Some layers of TFAlbertForSequenceClassification were not initialized from the model checkpoint at albert-base-v2 and are newly initialized: ['classifier']
You should probably TRAIN this model on a down-stream task to be able to use it for predictions and inference.


### Preprocesiing
#### We used the AutoTokenizer from Hugging Face Transformers

In [14]:
#tokenizing the input sentences using the tokenizer object
X_train = dict(tokenizer([str(i) for i in X_train['sentence']], return_tensors='np', padding=True))
X_test = dict(tokenizer([str(i) for i in X_test['sentence']], return_tensors='np', padding=True))

### Compiling the model

In [15]:
# This will compile and train the pre-trained model for sequence classification using the Adam optimizer 
# with a learning rate of 1e-5.
model.compile(optimizer=Adam(1e-5))
model.fit(X_train, y_train,epochs=4, batch_size=80)

No loss specified in compile() - the model's internal loss computation will be used as the loss.

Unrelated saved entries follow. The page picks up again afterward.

lemma modular_comp_iter_le:
  assumes g: "g \<in> borel_measurable M"
  shows "modular \<phi> h M (g \<circ> (\<tau> ^^ n)) \<le> ennreal (max 1 (c ^ n)) * modular \<phi> h M g"
proof (rule modular_le_of_distr_fun_le[OF orlicz weight g])
  show "g \<circ> (\<tau> ^^ n) \<in> borel_measurable M" using measurable_comp[OF measurable_iter g] .
  fix l
  have E: "{x \<in> space M. l < \<bar>g x\<bar>} \<in> sets M" using g by measurable
  have "distr_fun M (g \<circ> (\<tau> ^^ n)) l \<le> ennreal (c ^ n) * distr_fun M g l"
    using emeasure_vimage_iter_le[OF E, of n]
    unfolding distr_fun_comp_iter inv_iter_image[OF sets.sets_into_space[OF E]]
    by (simp add: distr_fun_def)
  also have "\<dots> \<le> ennreal (max 1 (c ^ n)) * distr_fun M g l"
    by (intro mult_right_mono ennreal_leI) auto
  finally show "distr_fun M (g \<circ> (\<tau> ^^ n)) l \<le> ennreal (max 1 (c ^ n)) * distr_fun M g l" .
qed simp

lemma modular_comp_inv_iter_le:
  assumes g: "g \<in> borel_measurable M"
  shows "modular \<phi> h M (g \<circ> (\<sigma> ^^ n)) \<le> ennreal (max 1 (c' ^ n)) * modular \<phi> h M g"
proof (rule modular_le_of_distr_fun_le[OF orlicz weight g])
  show "g \<circ> (\<sigma> ^^ n) \<in> borel_measurable M" using measurable_comp[OF measurable_inv_iter g] .
  fix l
  have E: "{x \<in> space M. l < \<bar>g x\<bar>} \<in> sets M" using g by measurable
  have "distr_fun M (g \<circ> (\<sigma> ^^ n)) l \<le> ennreal (c' ^ n) * distr_fun M g l"
    using emeasure_image_iter_le[OF E, of n] unfolding distr_fun_comp_inv_iter
    by (simp add: distr_fun_def)
  also have "\<dots> \<le> ennreal (max 1 (c' ^ n)) * distr_fun M g l"
    by (intro mult_right_mono ennreal_leI) auto
  finally show "distr_fun M (g \<circ> (\<sigma> ^^ n)) l \<le> ennreal (max 1 (c' ^ n)) * distr_fun M g l" .
qed simp

lemma modular_expansion:
  assumes g: "g \<in> borel_measurable M"
    and expansion: "\<And>E. E \<in> sets M \<Longrightarrow> ennreal K * Wext M h (emeasure M E)
      \<le> Wext M h (emeasure M ((\<tau> ^^ n) ` E)) + Wext M h (emeasure M ((\<sigma> ^^ n) ` E))"
  shows "ennreal K * modular \<phi> h M g \<le> modular \<phi> h M (g \<circ> (\<sigma> ^^ n)) + modular \<phi> h M (g \<circ> (\<tau> ^^ n))"
proof -
  let ?L = "\<lambda>q s. indicator {0..} s * Wext M h (distr_fun M q (phi_inv \<phi> s))"
  have g1: "g \<circ> (\<sigma> ^^ n) \<in> borel_measurable M" using measurable_comp[OF measurable_inv_iter g] .
  have g2: "g \<circ> (\<tau> ^^ n) \<in> borel_measurable M" using measurable_comp[OF measurable_iter g] .
  have "ennreal K * modular \<phi> h M g = (\<integral>\<^sup>+ s. ennreal K * ?L g s \<partial>lborel)"
    unfolding modular_layer_cake[OF orlicz weight g]
    by (rule nn_integral_cmult[symmetric]) (rule borel_measurable_layer_cake_integrand[OF orlicz g])
  also have "\<dots> \<le> (\<integral>\<^sup>+ s. ?L (g \<circ> (\<sigma> ^^ n)) s + ?L (g \<circ> (\<tau> ^^ n)) s \<partial>lborel)"
  proof (intro nn_integral_mono)
    fix s
    let ?E = "{x \<in> space M. phi_inv \<phi> s < \<bar>g x\<bar>}"
    have "?E \<in> sets M" using g by measurable
    then have "ennreal K * Wext M h (distr_fun M g (phi_inv \<phi> s)) \<le>
        Wext M h (distr_fun M (g \<circ> (\<sigma> ^^ n)) (phi_inv \<phi> s)) +
        Wext M h (distr_fun M (g \<circ> (\<tau> ^^ n)) (phi_inv \<phi> s))"
      unfolding distr_fun_comp_iter distr_fun_comp_inv_iter by (simp add: distr_fun_def expansion)
    then show "ennreal K * ?L g s \<le> ?L (g \<circ> (\<sigma> ^^ n)) s + ?L (g \<circ> (\<tau> ^^ n)) s"
      by (simp add: indicator_def)
  qed
  also have "\<dots> = modular \<phi> h M (g \<circ> (\<sigma> ^^ n)) + modular \<phi> h M (g \<circ> (\<tau> ^^ n))"
    unfolding modular_layer_cake[OF orlicz weight g1] modular_layer_cake[OF orlicz weight g2]
    by (intro nn_integral_add borel_measurable_layer_cake_integrand[OF orlicz] g1 g2)
  finally show ?thesis .
qed

lemma Wext_top_of_fund_split:
  assumes sf: "sigma_finite_measure M" and X: "emeasure M (space M) = \<infinity>"
    and split: "Aplus M = AB \<union> AC"
    and limB: "\<forall>K. \<exists>N. \<forall>n\<ge>N. \<forall>A\<in>AB. fund \<phi> h M A / fund \<phi> h M ((\<tau> ^^ n) ` A) \<ge> K"
    and limC: "\<forall>K. \<exists>N. \<forall>n\<ge>N. \<forall>A\<in>AC. fund \<phi> h M A / fund \<phi> h M ((\<sigma> ^^ n) ` A) \<ge> K"
  shows "Wext M h \<infinity> = \<infinity>"
proof (rule ccontr)
  assume "Wext M h \<infinity> \<noteq> \<infinity>"
  then obtain A where A: "A \<in> Aplus M" and near_inf: "\<forall>B\<in>Aplus M. fund \<phi> h M A < 2 * fund \<phi> h M B"
    using Aplus_fund_near_inf[OF orlicz weight sf X] by blast
  obtain B where B: "B \<in> Aplus M" "2 \<le> fund \<phi> h M A / fund \<phi> h M B"
  proof (cases "A \<in> AB")
    case True
    obtain N where "\<forall>n\<ge>N. \<forall>A\<in>AB. fund \<phi> h M A / fund \<phi> h M ((\<tau> ^^ n) ` A) \<ge> 2"
      using limB by blast
    then show ?thesis using True by (intro that[OF Aplus_image_iter[OF A]]) auto
  next
    case False
    then have "A \<in> AC" using A split by blast
    obtain N where "\<forall>n\<ge>N. \<forall>A\<in>AC. fund \<phi> h M A / fund \<phi> h M ((\<sigma> ^^ n) ` A) \<ge> 2"
      using limC by blast
    then show ?thesis using \<open>A \<in> AC\<close> by (intro that[OF Aplus_inv_image_iter[OF A]]) auto
  qed
  then show False using near_inf fund_Aplus_pos[OF B(1)] by (auto simp: le_divide_eq)
qed
(* Let $k\ge2$, $r\ge0$ and $n=2\cdot 3^k-2+4r$. Let $M$ be the closed surface carrying the polyhedral map $D_{\{2k+1,2k+1\}}(n)$. Then $M$ is orientable if $r$ is even and non-orientable if $r$ is odd.
   Context: Vertex set $\mathbb{Z}_n$; integers are read modulo $n$. Define $w_0=0$, $w_1=3^k-1+2r$. Then successively subtract $3^{k-1}+r$ twice, then $3^{k-2}$ twice, $3^{k-3}$ twice, ..., and finally $3$ twice. This gives vertices $w_2,\dots,w_{2k-1}$, and one checks $w_{2k-1}=2$. Let $P$ be the $(2k+1)$-gon with cyclically ordered boundary vertices $(0,w_1,w_2,\dots,w_{2k-2},2,1)$. The map $D_{\{2k+1,2k+1\}}(n)$ is the 2-dimensional cell complex whose 2-cells are the $n$ translates $P+i$, $i\in\mathbb{Z}_n$. It is a known standing fact (Datta) that this is a $\{2k+1,2k+1\}$-equivelar polyhedral map on a closed surface $M$: every 2-cell is a $(2k+1)$-gon, every vertex has degree $2k+1$, and any two 2-cells meet in the empty set, a common vertex, or a common edge. *)

theory Defs
  imports Main
begin

(* Combinatorial orientability of a 2-dimensional cell complex given by a list of
   faces, each face a list of vertices in cyclic boundary order. *)

definition face_darts :: "'a list \<Rightarrow> ('a \<times> 'a) set" where
  "face_darts F = {(F ! j, F ! ((j + 1) mod length F)) | j. j < length F}"

definition oriented_darts :: "bool \<Rightarrow> 'a list \<Rightarrow> ('a \<times> 'a) set" where
  "oriented_darts s F = (if s then face_darts F else (\<lambda>(a, b). (b, a)) ` face_darts F)"

(* orientable: the faces can be oriented so that every edge is traversed in opposite
   directions by the (two) faces containing it, i.e. no directed edge occurs in two
   distinct oriented faces *)
definition orientable_map :: "'a list list \<Rightarrow> bool" where
  "orientable_map Fs \<longleftrightarrow> (\<exists>\<sigma> :: nat \<Rightarrow> bool.
     \<forall>i j. i < length Fs \<longrightarrow> j < length Fs \<longrightarrow> i \<noteq> j \<longrightarrow>
       oriented_darts (\<sigma> i) (Fs ! i) \<inter> oriented_darts (\<sigma> j) (Fs ! j) = {})"

(* the step subtracted to go from w_(t-1) to w_t, t = 2 .. 2k-1:
   3^(k-1)+r twice, then 3^(k-2) twice, ..., 3 twice *)
definition D_step :: "nat \<Rightarrow> nat \<Rightarrow> nat \<Rightarrow> int" where
  "D_step k r t = 3 ^ (k - t div 2) + (if t \<le> 3 then int r else 0)"
lemma zariski_irreducible2_closure_Union_chain:
  assumes C: "C \<noteq> {}" "\<And>Z. Z \<in> C \<Longrightarrow> zariski_irreducible2 Z"
    and chain: "\<And>Z1 Z2. Z1 \<in> C \<Longrightarrow> Z2 \<in> C \<Longrightarrow> Z1 \<subseteq> Z2 \<or> Z2 \<subseteq> Z1"
  shows "zariski_irreducible2 (zariski_closure2 (\<Union>C))"
proof -
  let ?U = "zariski_closure2 (\<Union>C)"
  have "?U = S1 \<or> ?U = S2"
    if S: "zariski_closed2 S1" "zariski_closed2 S2" and U: "?U = S1 \<union> S2" for S1 S2
  proof (rule ccontr)
    assume proper: "\<not> (?U = S1 \<or> ?U = S2)"
    have split: "Z \<subseteq> S1 \<or> Z \<subseteq> S2" if Z: "Z \<in> C" for Z
    proof -
      have "Z = (Z \<inter> S1) \<union> (Z \<inter> S2)"
        using Z U subset_zariski_closure2[of "\<Union>C"] by blast
      moreover have "zariski_closed2 (Z \<inter> S1)" "zariski_closed2 (Z \<inter> S2)"
        using C(2)[OF Z] S zariski_closed2_Int unfolding zariski_irreducible2_def by blast+
      ultimately show ?thesis using C(2)[OF Z] unfolding zariski_irreducible2_def by blast
    qed
    have not_in: "\<exists>Z\<in>C. \<not> Z \<subseteq> S" if "S = S1 \<or> S = S2" for S
    proof (rule ccontr)
      assume "\<not> ?thesis"
      then have "\<Union>C \<subseteq> S" by blast
      moreover have "zariski_closed2 S" using that S by blast
      ultimately have "?U \<subseteq> S" by (rule zariski_closure2_minimal[rotated])
      then show False using proper U that by blast
    qed
    obtain Z1 where "Z1 \<in> C" "\<not> Z1 \<subseteq> S1" using not_in[of S1] by blast
    obtain Z2 where "Z2 \<in> C" "\<not> Z2 \<subseteq> S2" using not_in[of S2] by blast
    from chain[OF \<open>Z1 \<in> C\<close> \<open>Z2 \<in> C\<close>] show False
      using split[OF \<open>Z1 \<in> C\<close>] split[OF \<open>Z2 \<in> C\<close>] \<open>\<not> Z1 \<subseteq> S1\<close> \<open>\<not> Z2 \<subseteq> S2\<close>
      by blast
  qed
  moreover have "?U \<noteq> {}"
    using C subset_zariski_closure2[of "\<Union>C"] unfolding zariski_irreducible2_def by blast
  ultimately show ?thesis
    using zariski_closed2_closure unfolding zariski_irreducible2_def by blast
qed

Don't panic - this is a common way to train TensorFlow models in Transformers! To disable this behaviour please pass a loss argument, or explicitly pass `loss=None` if you do not want your model to compute a loss.


Epoch 1/4
Epoch 2/4
Epoch 3/4
Epoch 4/4


<keras.callbacks.History at 0x7fac94140b90>

###  Predictions using the Trained model

In [16]:
# Now, we will use trained model to make predictions on the test set X_test 
preds = model.predict(X_test)["logits"]



In [17]:
y_pred = np.argmax(preds, axis=1)

### Calculating the test Accuracy

In [18]:
metric = evaluate.load('accuracy')
metric.compute(predictions=y_pred, references=np.array(y_test))

{'accuracy': 0.8}

### Observation 
We can see here that when we compile the model with 4 epochs, the training loss is reduced at each step.
When we calculate the accuracy, we get 80% accuracy. 
If we increase the epochs, we can potentially obtain better accuracy, but there is also a risk of overfitting the model.
Hence, we will test the model with epoch = 10 to further evaluate its performance.

### Re running with better parameters

In [19]:
# Clearing Session
tf.keras.backend.clear_session()
tf.random.set_seed(987654321)
np.random.seed(987654321)

In [20]:
model.compile(optimizer=Adam(1e-5))
model.fit(X_train, y_train,epochs=10, batch_size=80)

No loss specified in compile() - the model's internal loss computation will be used as the loss. Don't panic - this is a common way to train TensorFlow models in Transformers! To disable this behaviour please pass a loss argument, or explicitly pass `loss=None` if you do not want your model to compute a loss.


Epoch 1/10
Epoch 2/10
Epoch 3/10
Epoch 4/10
Epoch 5/10
Epoch 6/10
Epoch 7/10
Epoch 8/10
Epoch 9/10
Epoch 10/10


<keras.callbacks.History at 0x7fac504f1b90>

In [21]:
preds = model.predict(X_test)["logits"]
y_pred = np.argmax(preds, axis=1)
metric = evaluate.load('accuracy')
metric.compute(predictions=y_pred, references=np.array(y_test))



{'accuracy': 0.9}

### Conclusion:
After training the model with 10 epochs, we observed a decrease in the training loss at each step. The accuracy obtained was 90%, which is higher than the accuracy obtained with 4 epochs. However, we could have achieved even higher accuracy if we had used a larger model.